» **TASK TO COMPLETE**
All that is needed is each line of the entries holding the word "assumes", copied as it stands.

(Collected data entries)
○ ○ ○ ○ ○ ○ ○
lemma report_loop:
  assumes "m (r+4) = 1" "m (r+12) = int u" "m (r+16) = int v" "m (r+20) = int w"
    "m (r+23) = int (bucket w + 1)" "m (r+24) = int (bucket w + 1 + length L)"
    "\<forall>k<length L. m (bucket w + 1 + k) = int (L ! k)" "w < n" "length L < deg w"
  shows "\<exists>m'. reaches \<lparr>pc = b + 70, mem = m, outp = out\<rparr> (9 * length L)
      \<lparr>pc = b + 70, mem = m', outp = out @ encode_quads (map (\<lambda>v'. (u, v', w, v)) L)\<rparr>
    \<and> same_data m m' \<and> m' (r+23) = int (bucket w + 1 + length L)
    \<and> (\<forall>j<25. j \<notin> {10, 23} \<longrightarrow> m' (r + j) = m (r + j))"
proof -
  define I where "I k m' out' \<longleftrightarrow> out' = out @ encode_quads (map (\<lambda>v'. (u, v', w, v)) (take k L))
    \<and> same_data m m' \<and> m' (r+23) = int (bucket w + 1 + k)
    \<and> (\<forall>j<25. j \<notin> {10, 23} \<longrightarrow> m' (r + j) = m (r + j))" for k m' out'
  have cap: "bucket w + 1 + length L \<le> value_cap"
    using bucket_le_cap[of w "1 + length L"] assms(8,9) by (simp add: add.assoc)
  have "\<exists>m' out'. reaches \<lparr>pc = b + 70, mem = m, outp = out\<rparr> (\<Sum>k<length L. 9)
      \<lparr>pc = b + 70, mem = m', outp = out'\<rparr> \<and> I (length L) m' out'"
  proof (rule reaches_loop)
    fix k m' out' assume k: "k < length L" and inv: "I k m' out'"
    have cell: "data_cell (bucket w + 1 + k)" "m' (bucket w + 1 + k) = int (L ! k)"
      using data_cell_bucket[OF assms(8), of "1 + k"] assms(7) k inv
      unfolding I_def same_data_def by (simp_all add: add.assoc)
    have keep: "m' (r + j) = m (r + j)" if "j < 25" "j \<notin> {10, 23}" for j
      using inv that unfolding I_def by blast
    have "m' (r+4) = 1" "m' (r+12) = int u" "m' (r+16) = int v" "m' (r+20) = int w"
      "m' (r+23) = int (bucket w + 1 + k)" "m' (r+24) = int (bucket w + 1 + length L)"
      "bucket w + 1 + k < bucket w + 1 + length L"
      using keep[of 4] keep[of 12] keep[of 16] keep[of 20] keep[of 24] assms inv k unfolding I_def by simp_all
    from report_iter[OF this cell cap] obtain m'' where "reaches \<lparr>pc = b + 70, mem = m', outp = out'\<rparr> 9
        \<lparr>pc = b + 70, mem = m'', outp = out' @ [int u, int (L ! k), int w, int v]\<rparr>"
      "same_data m' m''" "m'' (r+23) = int (Suc (bucket w + 1 + k))"
      "\<forall>j<25. j \<notin> {10, 23} \<longrightarrow> m'' (r + j) = m' (r + j)"
      by blast
    moreover have "out' @ [int u, int (L ! k), int w, int v]
        = out @ encode_quads (map (\<lambda>v'. (u, v', w, v)) (take (Suc k) L))"
      using inv k unfolding I_def by (simp add: take_Suc_conv_app_nth)
    ultimately show "\<exists>m'' out''. reaches \<lparr>pc = b + 70, mem = m', outp = out'\<rparr> 9
        \<lparr>pc = b + 70, mem = m'', outp = out''\<rparr> \<and> I (Suc k) m'' out''"
      using inv same_data_trans unfolding I_def by auto
  qed (use assms in \<open>simp add: I_def\<close>)
  then show ?thesis unfolding I_def by (auto simp: mult.commute)
qed

lemma at_wedgeD:
  assumes "at_wedge m u i j" "u < n" "i < deg u" "j < deg (adj ! u ! i)"
  shows "main_inv m" "m (r+12) = int u" "m (r+16) = int (adj ! u ! i)"
    "m (r+18) = int (addr (adj ! u ! i) + deg (adj ! u ! i) + 1)" "m (r+19) = int (addr (adj ! u ! i) + 1 + j)"
    "data_cell (addr (adj ! u ! i) + 1 + j)" "m (addr (adj ! u ! i) + 1 + j) = int (adj ! (adj ! u ! i) ! j)"
    "addr (adj ! u ! i) + deg (adj ! u ! i) + 1 \<le> value_cap"
proof -
  have v: "adj ! u ! i < n" using nbr_less[OF valid assms(2,3)] .
  show "main_inv m" "m (r+12) = int u" "m (r+16) = int (adj ! u ! i)"
    "m (r+18) = int (addr (adj ! u ! i) + deg (adj ! u ! i) + 1)" "m (r+19) = int (addr (adj ! u ! i) + 1 + j)"
    using assms(1) unfolding at_wedge_def at_neighbour_def at_vertex_def by auto
  then show "data_cell (addr (adj ! u ! i) + 1 + j)" "m (addr (adj ! u ! i) + 1 + j) = int (adj ! (adj ! u ! i) ! j)"
    using data_cell_list[OF v, of "Suc j"] assms(4) v unfolding main_inv_def input_intact_def by auto
  show "addr (adj ! u ! i) + deg (adj ! u ! i) + 1 \<le> value_cap"
    using list_cell_lt_E[OF v, of "deg (adj ! u ! i)"] unfolding value_cap_def by simp
qed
○ ○ ○ ○ ○ ○ ○
» **RESPONSE TO THIS EXERCISE**
  assumes "m (r+4) = 1" "m (r+12) = int u" "m (r+16) = int v" "m (r+20) = int w"
  assumes "at_wedge m u i j" "u < n" "i < deg u" "j < deg (adj ! u ! i)"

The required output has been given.